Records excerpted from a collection
━━━━━━━━━━━━━━━━

lemma cp_decomp_reindex_pad:
  fixes a1 a2 a3 a4 :: "'i \<Rightarrow> nat \<Rightarrow> real"
  assumes fin: "finite K" and card: "card K \<le> M" and dec: "cp_decomp X K a1 a2 a3 a4"
  obtains b1 b2 b3 b4 :: "nat \<Rightarrow> nat \<Rightarrow> real"
  where "cp_decomp X {..<M} b1 b2 b3 b4" "cp_cost {..<M} b1 b2 b3 b4 = cp_cost K a1 a2 a3 a4"
proof -
  obtain h where h: "bij_betw h {..<card K} K"
    using ex_bij_betw_nat_finite[OF fin] by (auto simp: atLeast0LessThan)
  have sum_pad: "(\<Sum>i<M. if i < card K then g (h i) else 0) = (\<Sum>x\<in>K. g x)" for g :: "'i \<Rightarrow> real"
  proof -
    have "(\<Sum>i<M. if i < card K then g (h i) else 0) = (\<Sum>i<card K. g (h i))"
      using card by (intro sum.mono_neutral_cong_right) auto
    also have "\<dots> = (\<Sum>x\<in>K. g x)"
      using h by (rule sum.reindex_bij_betw)
    finally show ?thesis .
  qed
  define pad :: "('i \<Rightarrow> nat \<Rightarrow> real) \<Rightarrow> nat \<Rightarrow> nat \<Rightarrow> real"
    where "pad a i = (if i < card K then a (h i) else (\<lambda>_. 0))" for a i
  have "cp_decomp X {..<M} (pad a1) (pad a2) (pad a3) (pad a4)"
    unfolding cp_decomp_def
  proof (intro allI impI)
    fix p q s t assume "p < n1" "q < n2" "s < n3" "t < n4"
    then have "X p q s t = (\<Sum>x\<in>K. a1 x p * a2 x q * a3 x s * a4 x t)"
      using dec by (simp add: cp_decomp_def)
    also have "\<dots> = (\<Sum>i<M. pad a1 i p * pad a2 i q * pad a3 i s * pad a4 i t)"
      unfolding sum_pad[symmetric] by (intro sum.cong) (simp_all add: pad_def)
    finally show "X p q s t = (\<Sum>i\<in>{..<M}. pad a1 i p * pad a2 i q * pad a3 i s * pad a4 i t)"
      by simp
  qed
  moreover have "cp_cost {..<M} (pad a1) (pad a2) (pad a3) (pad a4) = cp_cost K a1 a2 a3 a4"
    unfolding cp_cost_def sum_pad[symmetric]
    by (intro sum.cong) (auto simp: pad_def term_norm_def vnorm2_def)
  ultimately show ?thesis
    by (rule that)
qed

lemma cp_decomp_prescribe_norms:
  fixes y1 y2 y3 y4 :: "'i \<Rightarrow> real"
  assumes dec: "cp_decomp X K a1 a2 a3 a4"
    and nonneg: "\<And>i. 0 \<le> y1 i" "\<And>i. 0 \<le> y2 i" "\<And>i. 0 \<le> y3 i" "\<And>i. 0 \<le> y4 i"
    and prod: "\<And>i. i \<in> K \<Longrightarrow> y1 i * y2 i * y3 i * y4 i = term_norm a1 a2 a3 a4 i"
  defines "G i \<equiv> i \<in> K \<and> 0 < term_norm a1 a2 a3 a4 i"
  obtains b1 b2 b3 b4 where "cp_decomp X K b1 b2 b3 b4"
    "cp_cost K b1 b2 b3 b4 = cp_cost K a1 a2 a3 a4"
    "\<And>i. vnorm2 n1 (b1 i) = (if G i then y1 i else 0)" "\<And>i. vnorm2 n2 (b2 i) = (if G i then y2 i else 0)"
    "\<And>i. vnorm2 n3 (b3 i) = (if G i then y3 i else 0)" "\<And>i. vnorm2 n4 (b4 i) = (if G i then y4 i else 0)"
    "\<And>i p. n1 \<le> p \<Longrightarrow> b1 i p = 0" "\<And>i p. n2 \<le> p \<Longrightarrow> b2 i p = 0"
    "\<And>i p. n3 \<le> p \<Longrightarrow> b3 i p = 0" "\<And>i p. n4 \<le> p \<Longrightarrow> b4 i p = 0"
proof -
  define scale :: "nat \<Rightarrow> ('i \<Rightarrow> real) \<Rightarrow> ('i \<Rightarrow> nat \<Rightarrow> real) \<Rightarrow> 'i \<Rightarrow> nat \<Rightarrow> real"
    where "scale n y a i p = (if G i \<and> p < n then y i / vnorm2 n (a i) * a i p else 0)" for n y a i p
  have norm_scale: "vnorm2 n (scale n y a i) = (if G i then y i else 0)"
    if "0 \<le> y i" "G i \<Longrightarrow> 0 < vnorm2 n (a i)" for n y a i
  proof (cases "G i")
    case True
    then have "vnorm2 n (scale n y a i) = vnorm2 n (\<lambda>p. y i / vnorm2 n (a i) * a i p)"
      by (intro vnorm2_cong) (simp add: scale_def)
    with True that show ?thesis
      by (simp only: vnorm2_cmult) simp
  qed (simp add: scale_def vnorm2_def)
  have pos: "0 < vnorm2 n1 (a1 i)" "0 < vnorm2 n2 (a2 i)" "0 < vnorm2 n3 (a3 i)" "0 < vnorm2 n4 (a4 i)"
    if "G i" for i
    using that by (simp_all add: G_def term_norm_pos_iff)
  define b1 b2 b3 b4 where "b1 = scale n1 y1 a1" "b2 = scale n2 y2 a2" "b3 = scale n3 y3 a3"
    "b4 = scale n4 y4 a4"
  have norms: "vnorm2 n1 (b1 i) = (if G i then y1 i else 0)" "vnorm2 n2 (b2 i) = (if G i then y2 i else 0)"
    "vnorm2 n3 (b3 i) = (if G i then y3 i else 0)" "vnorm2 n4 (b4 i) = (if G i then y4 i else 0)" for i
    unfolding b1_b2_b3_b4_def using pos nonneg by (simp_all add: norm_scale)
  have terms: "b1 i p * b2 i q * b3 i s * b4 i t = a1 i p * a2 i q * a3 i s * a4 i t"
    if "i \<in> K" "p < n1" "q < n2" "s < n3" "t < n4" for i p q s t
  proof (cases "G i")
    case True
    then have "b1 i p * b2 i q * b3 i s * b4 i t
        = (y1 i * y2 i * y3 i * y4 i) / term_norm a1 a2 a3 a4 i * (a1 i p * a2 i q * a3 i s * a4 i t)"
      using that by (simp add: b1_b2_b3_b4_def scale_def term_norm_def)
    with True that prod show ?thesis
      by (simp add: G_def)
  next
    case False
    with that have "term_norm a1 a2 a3 a4 i = 0"
      using term_norm_nonneg[of a1 a2 a3 a4 i] by (simp add: G_def)
    with False that show ?thesis
      by (simp add: b1_b2_b3_b4_def scale_def rank_one_term_eq_0)
  qed
  have "cp_decomp X K b1 b2 b3 b4"
    using dec by (simp add: cp_decomp_def terms)
  moreover have "cp_cost K b1 b2 b3 b4 = cp_cost K a1 a2 a3 a4"
    unfolding cp_cost_def
  proof (intro sum.cong refl)
    fix i assume "i \<in> K"
    then show "term_norm b1 b2 b3 b4 i = term_norm a1 a2 a3 a4 i"
      using prod[of i] term_norm_nonneg[of a1 a2 a3 a4 i]
      by (auto simp: term_norm_def[of b1] norms G_def)
  qed
  ultimately show ?thesis
    using norms by (rule that) (simp_all add: b1_b2_b3_b4_def scale_def)
qed

definition cp_costs :: "(nat \<Rightarrow> nat \<Rightarrow> nat \<Rightarrow> nat \<Rightarrow> real) \<Rightarrow> real set"
  where "cp_costs X =
    {cp_cost {..<r} a1 a2 a3 a4 | (r :: nat) a1 a2 a3 a4. cp_decomp X {..<r} a1 a2 a3 a4}"

lemma nuclear_norm4_eq_Inf_cp_costs: "nuclear_norm4 n1 n2 n3 n4 X = Inf (cp_costs X)"
  unfolding nuclear_norm4_def cp_costs_def cp_cost_def term_norm_def cp_decomp_def
  by (rule arg_cong[of _ _ Inf]) blast

lemma nuclear_norm4_le_cp_cost:
  assumes "cp_decomp X {..<r :: nat} a1 a2 a3 a4"
  shows "nuclear_norm4 n1 n2 n3 n4 X \<le> cp_cost {..<r} a1 a2 a3 a4"
  unfolding nuclear_norm4_eq_Inf_cp_costs
proof (rule cInf_lower)
  show "cp_cost {..<r} a1 a2 a3 a4 \<in> cp_costs X"
    unfolding cp_costs_def using assms by blast
  show "bdd_below (cp_costs X)"
    by (rule bdd_belowI[of _ 0]) (auto simp: cp_costs_def cp_cost_nonneg)
qed

lemma cp_decomp_entrywise:
  "cp_decomp X ({..<n1} \<times> {..<n2} \<times> {..<n3} \<times> {..<n4})
     (\<lambda>(p, q, s, t) p'. if p' = p then X p q s t else 0)
     (\<lambda>(p, q, s, t) q'. if q' = q then 1 else 0)
     (\<lambda>(p, q, s, t) s'. if s' = s then 1 else 0)
     (\<lambda>(p, q, s, t) t'. if t' = t then 1 else 0)"
  unfolding cp_decomp_def
proof (intro allI impI)
  fix p q s t assume "p < n1" "q < n2" "s < n3" "t < n4"
  then show "X p q s t = (\<Sum>x\<in>{..<n1} \<times> {..<n2} \<times> {..<n3} \<times> {..<n4}.
      (case x of (p, q, s, t) \<Rightarrow> \<lambda>p'. if p' = p then X p q s t else 0) p *
      (case x of (p, q, s, t) \<Rightarrow> \<lambda>q'. if q' = q then 1 else 0) q *
      (case x of (p, q, s, t) \<Rightarrow> \<lambda>s'. if s' = s then 1 else 0) s *
      (case x of (p, q, s, t) \<Rightarrow> \<lambda>t'. if t' = t then 1 else 0) t)"
    by (subst sum.remove[of _ "(p, q, s, t)"]) (auto intro!: sum.neutral split: prod.splits if_splits)
qed

lemma cp_costs_nonempty: "cp_costs X \<noteq> {}"
proof -
  let ?I = "{..<n1} \<times> {..<n2} \<times> {..<n3} \<times> {..<n4}"
  obtain b1 b2 b3 b4 :: "nat \<Rightarrow> nat \<Rightarrow> real" where "cp_decomp X {..<card ?I} b1 b2 b3 b4"
    using cp_decomp_reindex_pad[OF _ order.refl cp_decomp_entrywise] by blast
  then show ?thesis
    unfolding cp_costs_def by blast
qed

lemma cp_costs_bounded_witness:
  assumes "s \<in> cp_costs X"
  obtains a1 a2 a3 a4 where "cp_decomp X {..<n1 * n2 * n3 * n4} a1 a2 a3 a4"
    "cp_cost {..<n1 * n2 * n3 * n4} a1 a2 a3 a4 \<le> s"
    "a1 \<in> entry_box (root 4 s)" "a2 \<in> entry_box (root 4 s)"
    "a3 \<in> entry_box (root 4 s)" "a4 \<in> entry_box (root 4 s)"
proof -
  let ?M = "n1 * n2 * n3 * n4"
  obtain r and a1 a2 a3 a4 :: "nat \<Rightarrow> nat \<Rightarrow> real"
    where a: "cp_decomp X {..<r} a1 a2 a3 a4" "cp_cost {..<r} a1 a2 a3 a4 = s"
    using assms by (auto simp: cp_costs_def)
  obtain K b1 where b: "finite K" "card K \<le> ?M" "cp_decomp X K b1 a2 a3 a4"
    "cp_cost K b1 a2 a3 a4 \<le> s"
    using cp_decomp_reduce[OF _ a(1)] a(2) by blast
  obtain c1 c2 c3 c4 where c: "cp_decomp X {..<?M} c1 c2 c3 c4"
    "cp_cost {..<?M} c1 c2 c3 c4 \<le> s"
    using cp_decomp_reindex_pad[OF b(1-3)] b(4) by metis
  let ?w = "term_norm c1 c2 c3 c4"
  have w_le: "?w i \<le> s" if "i < ?M" for i
    using c(2) that member_le_sum[of i "{..<?M}" ?w]
    by (simp add: cp_cost_def term_norm_nonneg)
  have root_w: "root 4 (?w i) * root 4 (?w i) * root 4 (?w i) * root 4 (?w i) = ?w i" for i
    using real_root_pow_pos2[of 4 "?w i"] by (simp add: term_norm_nonneg power4_eq_xxxx)
  \<comment> \<open>Giving all four factors of a term the same norm bounds every entry by the fourth root of the cost.\<close>
  obtain e1 e2 e3 e4 where e: "cp_decomp X {..<?M} e1 e2 e3 e4"
    "cp_cost {..<?M} e1 e2 e3 e4 = cp_cost {..<?M} c1 c2 c3 c4"
    "\<And>i. vnorm2 n1 (e1 i) = (if i \<in> {..<?M} \<and> 0 < ?w i then root 4 (?w i) else 0)"
    "\<And>i. vnorm2 n2 (e2 i) = (if i \<in> {..<?M} \<and> 0 < ?w i then root 4 (?w i) else 0)"
    "\<And>i. vnorm2 n3 (e3 i) = (if i \<in> {..<?M} \<and> 0 < ?w i then root 4 (?w i) else 0)"
    "\<And>i. vnorm2 n4 (e4 i) = (if i \<in> {..<?M} \<and> 0 < ?w i then root 4 (?w i) else 0)"
    "\<And>i p. n1 \<le> p \<Longrightarrow> e1 i p = 0" "\<And>i p. n2 \<le> p \<Longrightarrow> e2 i p = 0"
    "\<And>i p. n3 \<le> p \<Longrightarrow> e3 i p = 0" "\<And>i p. n4 \<le> p \<Longrightarrow> e4 i p = 0"
    using cp_decomp_prescribe_norms[OF c(1), of "\<lambda>i. root 4 (?w i)" "\<lambda>i. root 4 (?w i)"
        "\<lambda>i. root 4 (?w i)" "\<lambda>i. root 4 (?w i)"] root_w
    by (simp add: term_norm_nonneg) blast
  have s_nonneg: "0 \<le> s"
    using a(2) cp_cost_nonneg by blast
  have bounded: "e \<in> entry_box (root 4 s)"
    if "\<And>i. vnorm2 n (e i) = (if i \<in> {..<?M} \<and> 0 < ?w i then root 4 (?w i) else 0)"
      "\<And>i p. n \<le> p \<Longrightarrow> e i p = 0" for n e
  proof (rule mem_entry_box_if_vnorm2_le[of n])
    show "vnorm2 n (e i) \<le> root 4 s" for i
      unfolding that(1) using w_le[of i] s_nonneg by auto
  qed (simp_all add: that(2) s_nonneg)
  show ?thesis
    using that[OF e(1)] e(2) c(2) bounded[OF e(3,7)] bounded[OF e(4,8)] bounded[OF e(5,9)]
      bounded[OF e(6,10)] by simp
qed

lemma closed_cp_decomp_tuples:
  "closed {(a1, a2, a3, a4). cp_decomp X {..<M :: nat} a1 a2 a3 a4}"
proof -
  have "{(a1, a2, a3, a4). cp_decomp X {..<M} a1 a2 a3 a4} =
    (\<Inter>p<n1. \<Inter>q<n2. \<Inter>s<n3. \<Inter>t<n4. {w. X p q s t =
      (\<Sum>i<M. fst w i p * fst (snd w) i q * fst (snd (snd w)) i s * snd (snd (snd w)) i t)})"
    by (auto simp: cp_decomp_def)
  also have "closed \<dots>"
    by (intro closed_INT ballI closed_Collect_eq continuous_intros continuous_on_apply2)
  finally show ?thesis .
qed

lemma continuous_on_cp_cost_tuples:
  "continuous_on S (\<lambda>(a1, a2, a3, a4). cp_cost {..<M :: nat} a1 a2 a3 a4)"
  unfolding case_prod_beta cp_cost_def term_norm_def vnorm2_def
  by (intro continuous_intros continuous_on_apply2)

lemma nuclear_norm4_attained:
  obtains a1 a2 a3 a4 where "cp_decomp X {..<n1 * n2 * n3 * n4} a1 a2 a3 a4"
    "cp_cost {..<n1 * n2 * n3 * n4} a1 a2 a3 a4 = nuclear_norm4 n1 n2 n3 n4 X"
proof -
  let ?M = "n1 * n2 * n3 * n4"
  let ?S = "cp_costs X"
  obtain s0 where s0: "s0 \<in> ?S"
    using cp_costs_nonempty by blast
  define B where "B = root 4 s0"
  define F where "F = (entry_box B \<times> entry_box B \<times> entry_box B \<times> entry_box B) \<inter>
    {(a1, a2, a3, a4). cp_decomp X {..<?M} a1 a2 a3 a4}"
  define g :: "(nat \<Rightarrow> nat \<Rightarrow> real) \<times> (nat \<Rightarrow> nat \<Rightarrow> real) \<times> (nat \<Rightarrow> nat \<Rightarrow> real) \<times> (nat \<Rightarrow> nat \<Rightarrow> real) \<Rightarrow> real"
    where "g = (\<lambda>(a1, a2, a3, a4). cp_cost {..<?M} a1 a2 a3 a4)"
  have "compact F"
    unfolding F_def
    by (intro compact_Int_closed compact_Times compact_entry_box closed_cp_decomp_tuples)
  moreover have "continuous_on F g"
    unfolding g_def by (rule continuous_on_cp_cost_tuples)
  moreover have below: "\<exists>w\<in>F. g w \<le> s" if s_in: "s \<in> ?S" and s_le: "s \<le> s0" for s
  proof -
    obtain a1 a2 a3 a4 where a: "cp_decomp X {..<?M} a1 a2 a3 a4" "cp_cost {..<?M} a1 a2 a3 a4 \<le> s"
      "a1 \<in> entry_box (root 4 s)" "a2 \<in> entry_box (root 4 s)"
      "a3 \<in> entry_box (root 4 s)" "a4 \<in> entry_box (root 4 s)"
      using cp_costs_bounded_witness[OF s_in] by blast
    have "root 4 s \<le> B"
      using s_le by (simp add: B_def)
    then have "entry_box (root 4 s) \<subseteq> entry_box B"
      by (auto simp: entry_box_def intro: order_trans)
    with a show ?thesis
      by (intro bexI[of _ "(a1, a2, a3, a4)"]) (auto simp: F_def g_def)
  qed
  moreover have "F \<noteq> {}"
    using below[OF s0] by blast
  ultimately obtain w where w: "w \<in> F" "\<And>y. y \<in> F \<Longrightarrow> g w \<le> g y"
    using continuous_attains_inf by metis
  have "Inf ?S = g w"
  proof (rule cInf_eq_minimum)
    show "g w \<in> ?S"
      using w(1) unfolding F_def g_def cp_costs_def by (auto, blast)
    fix s assume "s \<in> ?S"
    then have "min s s0 \<in> ?S" "min s s0 \<le> s0"
      using s0 by (auto simp: min_def)
    then show "g w \<le> s"
      using below w(2) by fastforce
  qed
  with w(1) that show ?thesis
    by (auto simp: F_def g_def nuclear_norm4_eq_Inf_cp_costs)
qed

━━━━━━━━━━━━━━━━

### EXERCISE BRIEF
If a line in the records above holds the string "metis", copy it.

### EXERCISE RESPONSE
    using cp_decomp_reindex_pad[OF b(1-3)] b(4) by metis
    using continuous_attains_inf by metis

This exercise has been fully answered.